**Work instructions**
Could you reproduce the lines below from the one with "measure \<Rightarrow> real \<Rightarrow> real" through the one with "The predicted process places"? Keep both ends and add nothing.

━━━━━ Entries shown

lemma coeff_poly_line: "coeff (poly P [:0, c:]) t = poly (homogeneous_component P t) c"
proof -
  have "[:0, c:] = monom c 1"
    by (simp add: monom_Suc monom_0)
  then have "poly P [:0, c:] = (\<Sum>i\<le>degree P. monom (c ^ i) i * coeff P i)"
    by (simp add: poly_altdef monom_power mult.commute)
  then have "coeff (poly P [:0, c:]) t =
      (\<Sum>i\<le>degree P. if t < i then 0 else c ^ i * coeff (coeff P i) (t - i))"
    by (simp add: coeff_sum coeff_monom_mult)
  also have "\<dots> = poly (homogeneous_component P t) c"
    unfolding homogeneous_component_def poly_sum by (intro sum.cong) (auto simp: poly_monom)
  finally show ?thesis .
qed

lemma homogeneous_component_total_degree_nonzero:
  assumes "P \<noteq> 0"
  shows "homogeneous_component P (total_degree P) \<noteq> 0"
proof -
  obtain j where j: "coeff P j \<noteq> 0" "degree (coeff P j) + j = total_degree P"
    using total_degree_attained[OF assms] .
  have "j \<le> degree P"
    using j(1) le_degree by blast
  have "total_degree P - j = degree (coeff P j)"
    using j(2) by linarith
  then have "coeff (homogeneous_component P (total_degree P)) j =
      (\<Sum>i\<le>degree P. if i = j then lead_coeff (coeff P j) else 0)"
    unfolding homogeneous_component_def coeff_sum using j(2)
    by (intro sum.cong) (auto simp: coeff_monom)
  also have "\<dots> = lead_coeff (coeff P j)"
    using \<open>j \<le> degree P\<close> by simp
  finally show ?thesis
    using j(1) by (metis coeff_0 leading_coeff_0_iff)
qed

lemma finite_slopes_degree_drop:
  assumes "P \<noteq> 0"
  shows "finite {c. coeff (poly P [:0, c:]) (total_degree P) = 0}"
  using poly_roots_finite[OF homogeneous_component_total_degree_nonzero[OF assms]]
  by (simp add: coeff_poly_line)

lemma degree_poly_line_eq:
  assumes "coeff (poly P [:0, c:]) (total_degree P) \<noteq> 0"
  shows "poly P [:0, c:] \<noteq> 0" "degree (poly P [:0, c:]) = total_degree P"
  using assms degree_poly_line_le[of P c] le_degree[OF assms] by auto

lemma total_degree_mult:
  assumes "P \<noteq> 0" "Q \<noteq> 0"
  shows "total_degree (P * Q) = total_degree P + total_degree Q"
proof -
  let ?D = "\<lambda>R. {c. coeff (poly R [:0, c:]) (total_degree R) = 0}"
  have "finite (?D P \<union> ?D Q \<union> ?D (P * Q))"
    using assms by (simp add: finite_slopes_degree_drop del: poly_mult)
  then obtain c where "c \<notin> ?D P \<union> ?D Q \<union> ?D (P * Q)"
    using ex_new_if_finite[OF infinite_UNIV_char_0] by meson
  then have P: "coeff (poly P [:0, c:]) (total_degree P) \<noteq> 0"
    and Q: "coeff (poly Q [:0, c:]) (total_degree Q) \<noteq> 0"
    and PQ: "coeff (poly (P * Q) [:0, c:]) (total_degree (P * Q)) \<noteq> 0"
    by blast+
  have "total_degree (P * Q) = degree (poly P [:0, c:] * poly Q [:0, c:])"
    using degree_poly_line_eq(2)[OF PQ] by simp
  also have "\<dots> = total_degree P + total_degree Q"
    using degree_poly_line_eq[OF P] degree_poly_line_eq[OF Q] by (simp add: degree_mult_eq)
  finally show ?thesis .
qed
(* Let $\mathbf{X}\subseteq\mathbb{R}^d$ and fix a time step $k$. Assume: (i) the posterior multi-target process $\Phi_{k-1}$ is an i.i.d. process with cardinality distribution $\rho_{k-1}$ and spatial (probability) distribution $s_{k-1}$, hence with intensity measure $\mu_{k-1}(\cdot)=\big(\sum_{m\ge 0} m\rho_{k-1}(m)\big)s_{k-1}(\cdot)$; (ii) the predicted process is $\Phi_{k|k-1}=\bigcup_{x\in\Phi_{k-1}}\big(\Phi_{\mathrm{s}}(x)\cup\Phi_{\mathrm{b}}(x)\big)$, where, conditionally on $\Phi_{k-1}$, all the processes $\Phi_{\mathrm{s}}(x),\Phi_{\mathrm{b}}(x)$ ($x\in\Phi_{k-1}$) are mutually independent; equivalently the PGFL of $\Phi_{k|k-1}$ is $G_{k|k-1}(h)=G_{k-1}\big(G_{\mathrm{s}}(h|\cdot)\,G_{\mathrm{b}}(h|\cdot)\big)$; (iii) the survival process $\Phi_{\mathrm{s}}(x)$ is a Bernoulli process with parameter $p_{\mathrm{s},k}(x)$ and spatial distribution given by a Markov kernel $f_{\mathrm{s},k}(\cdot|x)$; (iv) there is no spontaneous birth; (v) the spawning process $\Phi_{\mathrm{b}}(x)$ is a zero-inflated Poisson process with parameter $p_{\mathrm{b},k}(x)\in[0,1]$, rate $\lambda_{\mathrm{b},k}(x)\ge0$ and spatial distribution given by a Markov kernel $s_{\mathrm{b},k}(\cdot|x)$. Write $\bar p_{\mathrm{s},k}=1-p_{\mathrm{s},k}$, $\bar p_{\mathrm{b},k}=1-p_{\mathrm{b},k}$, and abbreviate $p_{\mathrm{s}}=p_{\mathrm{s},k}(x)$, $p_{\mathrm{b}}=p_{\mathrm{b},k}(x)$, $\lambda=\lambda_{\mathrm{b},k}(x)$ inside integrals. Then the intensity measure of $\Phi_{k|k-1}$ is $$\mu_{k|k-1}(B)=\int\big[p_{\mathrm{s},k}(x)f_{\mathrm{s},k}(B|x)+p_{\mathrm{b},k}(x)\lambda_{\mathrm{b},k}(x)s_{\mathrm{b},k}(B|x)\big]\mu_{k-1}(\mathrm{d}x)$$ for every Borel $B\subseteq\mathbf{X}$, and its cardinality distribution is, for every $n\ge 0$, $$\rho_{k|k-1}(n)=\sum_{j=0}^{n}B_{n,j}(b_1,\ldots,b_{n})\sum_{m\ge j}\frac{m!}{n!\,(m-j)!}\rho_{k-1}(m)\,b_0^{\,m-j},$$ where $b_0=\int \bar p_{\mathrm{s}}\big[\bar p_{\mathrm{b}}+p_{\mathrm{b}}e^{-\lambda}\big]s_{k-1}(\mathrm{d}x)$, $b_1=\int\big[\bar p_{\mathrm{s}}\,p_{\mathrm{b}}e^{-\lambda}\lambda+p_{\mathrm{s}}\big(\bar p_{\mathrm{b}}+p_{\mathrm{b}}e^{-\lambda}\big)\big]s_{k-1}(\mathrm{d}x)$, and for $i\ge2$, $b_i=\int p_{\mathrm{b}}\lambda^{i-1}e^{-\lambda}\big[\bar p_{\mathrm{s}}\lambda+i\,p_{\mathrm{s}}\big]s_{k-1}(\mathrm{d}x)$.
   Context: A point process on $\mathbf{X}$ is a random finite collection of points of $\mathbf{X}$ (all point processes here are simple). Its cardinality distribution $\rho(n)$ is the probability that it has exactly $n$ points; its intensity measure is $\mu(B)=\mathbb{E}[\text{number of points in }B]$. Its probability generating functional (PGFL) is $G(h)=\mathbb{E}\big[\prod_{x\in\Phi}h(x)\big]$ for measurable $h:\mathbf{X}\to\mathbb{R}$ with $\|h\|_\infty\le 1$. An i.i.d. process with cardinality distribution $\rho$ and spatial probability distribution $s$ has $n$ points with probability $\rho(n)$, the points being i.i.d. with law $s$ given $n$. A Bernoulli process with parameter $p\in[0,1]$ and spatial distribution $s$ is empty with probability $1-p$ and otherwise consists of a single point with law $s$. A zero-inflated Poisson process with parameter $p\in[0,1]$, rate $\lambda\ge0$ and spatial distribution $s$ is the i.i.d. process with spatial distribution $s$ and cardinality distribution $\rho(0)=1-p+pe^{-\lambda}$, $\rho(n)=pe^{-\lambda}\lambda^n/n!$ for $n\ge1$ (i.e. with probability $1-p$ empty, otherwise Poisson with rate $\lambda$). The partial Bell polynomial is $$B_{n,j}(x_1,\ldots,x_n)=\sum\frac{n!}{k_1!(1!)^{k_1}k_2!(2!)^{k_2}\cdots k_n!(n!)^{k_n}}x_1^{k_1}\cdots x_n^{k_n},$$ the sum over nonnegative integers $k_1,\ldots,k_n$ with $k_1+2k_2+\cdots+nk_n=n$ and $k_1+\cdots+k_n=j$; by convention $B_{0,0}=1$ and $B_{n,0}=0$ for $n\ge1$. *)

theory Defs
  imports "HOL-Probability.Probability"
begin

text \<open>A finite point configuration in the state space (measurable space) X is a finite
multiset of points of X (multiplicities allowed; the processes considered are simple
a.s. whenever the spatial laws are diffuse).\<close>

definition cnt :: "'a set \<Rightarrow> 'a multiset \<Rightarrow> nat" where
  "cnt B M = size (filter_mset (\<lambda>x. x \<in> B) M)"

definition cfg_space :: "'a measure \<Rightarrow> 'a multiset set" where
  "cfg_space X = {M. set_mset M \<subseteq> space X}"

definition cfgM :: "'a measure \<Rightarrow> 'a multiset measure" where
  "cfgM X = sigma (cfg_space X)
     {{M \<in> cfg_space X. cnt B M = n} | B n. B \<in> sets X}"

definition point_process :: "'a measure \<Rightarrow> 'a multiset measure \<Rightarrow> bool" where
  "point_process X P \<longleftrightarrow> prob_space P \<and> sets P = sets (cfgM X)"

definition pgfl :: "'a multiset measure \<Rightarrow> ('a \<Rightarrow> real) \<Rightarrow> real" where
  "pgfl P h = (\<integral>M. prod_mset (image_mset h M) \<partial>P)"

definition intensity :: "'a multiset measure \<Rightarrow> 'a set \<Rightarrow> ennreal" where
  "intensity P B = (\<integral>\<^sup>+M. of_nat (cnt B M) \<partial>P)"

definition card_dist :: "'a multiset measure \<Rightarrow> nat \<Rightarrow> real" where
  "card_dist P n = measure P {M \<in> space P. size M = n}"

definition iid_law :: "'a measure \<Rightarrow> nat pmf \<Rightarrow> 'a measure \<Rightarrow> 'a multiset measure" where
  "iid_law X rho s = measure_pmf rho \<bind>
     (\<lambda>n. distr (PiM {..<n} (\<lambda>_. s)) (cfgM X) (\<lambda>f. mset (map f [0..<n])))"

definition bernoulli_law :: "'a measure \<Rightarrow> real \<Rightarrow> 'a measure \<Rightarrow> 'a multiset measure" where
  "bernoulli_law X p s = measure_pmf (bernoulli_pmf p) \<bind>
     (\<lambda>b. if b then distr s (cfgM X) (\<lambda>x. {#x#}) else return (cfgM X) {#})"

definition zip_pmf :: "real \<Rightarrow> real \<Rightarrow> nat pmf" where
  "zip_pmf p lam = embed_pmf (\<lambda>n. if n = 0 then 1 - p + p * exp (- lam)
                                   else p * exp (- lam) * lam ^ n / fact n)"

definition zip_law :: "'a measure \<Rightarrow> real \<Rightarrow> real \<Rightarrow> 'a measure \<Rightarrow> 'a multiset measure" where
  "zip_law X p lam s = iid_law X (zip_pmf p lam) s"

definition bell_partial :: "nat \<Rightarrow> nat \<Rightarrow> (nat \<Rightarrow> real) \<Rightarrow> real" where
  "bell_partial n j x =
     (\<Sum>k \<in> {k. (\<forall>i. i \<notin> {1..n} \<longrightarrow> k i = 0) \<and> (\<forall>i. k i \<le> n) \<and>
                (\<Sum>i=1..n. i * k i) = n \<and> (\<Sum>i=1..n. k i) = j}.
        fact n / (\<Prod>i=1..n. fact (k i) * fact i ^ k i) * (\<Prod>i=1..n. x i ^ k i))"

end

theory Submission
  imports Defs "HOL-Computational_Algebra.Formal_Power_Series"
begin

text \<open>
  The predicted process places independent offspring around the points of an i.i.d. process, so
  its PGFL at \<open>h\<close> is \<open>\<Sum>\<^sub>m \<rho>(m) c(h)\<^sup>m\<close>, where \<open>c(h)\<close> is the \<open>s\<close>-average of the PGFL of the
  offspring of a single parent.  At a constant \<open>h = z\<close> this is the generating function of the
  cardinality distribution.  Writing the averaged offspring generating function as
  \<open>G(z) = b 0 + C(z)\<close> with \<open>C(z) = \<Sum>\<^sub>i\<^sub>\<ge>\<^sub>1 b i z\<^sup>i / i!\<close>, expanding \<open>G(z)\<^sup>m\<close> binomially and
  \<open>C(z)\<^sup>j\<close> through partial Bell polynomials, rearranging the nonnegative triple series and comparing
  coefficients gives the cardinality distribution.  For the intensity, \<open>N(B)\<close> is the increasing
  limit of \<open>(1 - (1 - t)\<^bsup>N(B)\<^esup>) / t\<close> as \<open>t\<close> decreases to \<open>0\<close>, and the expectation of this
  quotient is the difference quotient of the PGFL of the predicted process at \<open>1 - t\<cdot>indicator B\<close>;
  its limit is computed on the right-hand side by monotone convergence as well, so no
  finite-mean assumption on \<open>\<rho>\<close> is needed.
\<close>

section \<open>The configuration space\<close>

lemma count_sets_subset_Pow:
  "{{M \<in> cfg_space X. cnt B M = n} | B n. B \<in> sets X} \<subseteq> Pow (cfg_space X)"
  by auto

lemma space_cfgM [simp]: "space (cfgM X) = cfg_space X"
  unfolding cfgM_def by (rule space_measure_of[OF count_sets_subset_Pow])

━━━━━━━━━━

**Solution**
definition zip_law :: "'a measure \<Rightarrow> real \<Rightarrow> real \<Rightarrow> 'a measure \<Rightarrow> 'a multiset measure" where
  "zip_law X p lam s = iid_law X (zip_pmf p lam) s"

definition bell_partial :: "nat \<Rightarrow> nat \<Rightarrow> (nat \<Rightarrow> real) \<Rightarrow> real" where
  "bell_partial n j x =
     (\<Sum>k \<in> {k. (\<forall>i. i \<notin> {1..n} \<longrightarrow> k i = 0) \<and> (\<forall>i. k i \<le> n) \<and>
                (\<Sum>i=1..n. i * k i) = n \<and> (\<Sum>i=1..n. k i) = j}.
        fact n / (\<Prod>i=1..n. fact (k i) * fact i ^ k i) * (\<Prod>i=1..n. x i ^ k i))"

end

theory Submission
  imports Defs "HOL-Computational_Algebra.Formal_Power_Series"
begin

text \<open>
  The predicted process places independent offspring around the points of an i.i.d. process, so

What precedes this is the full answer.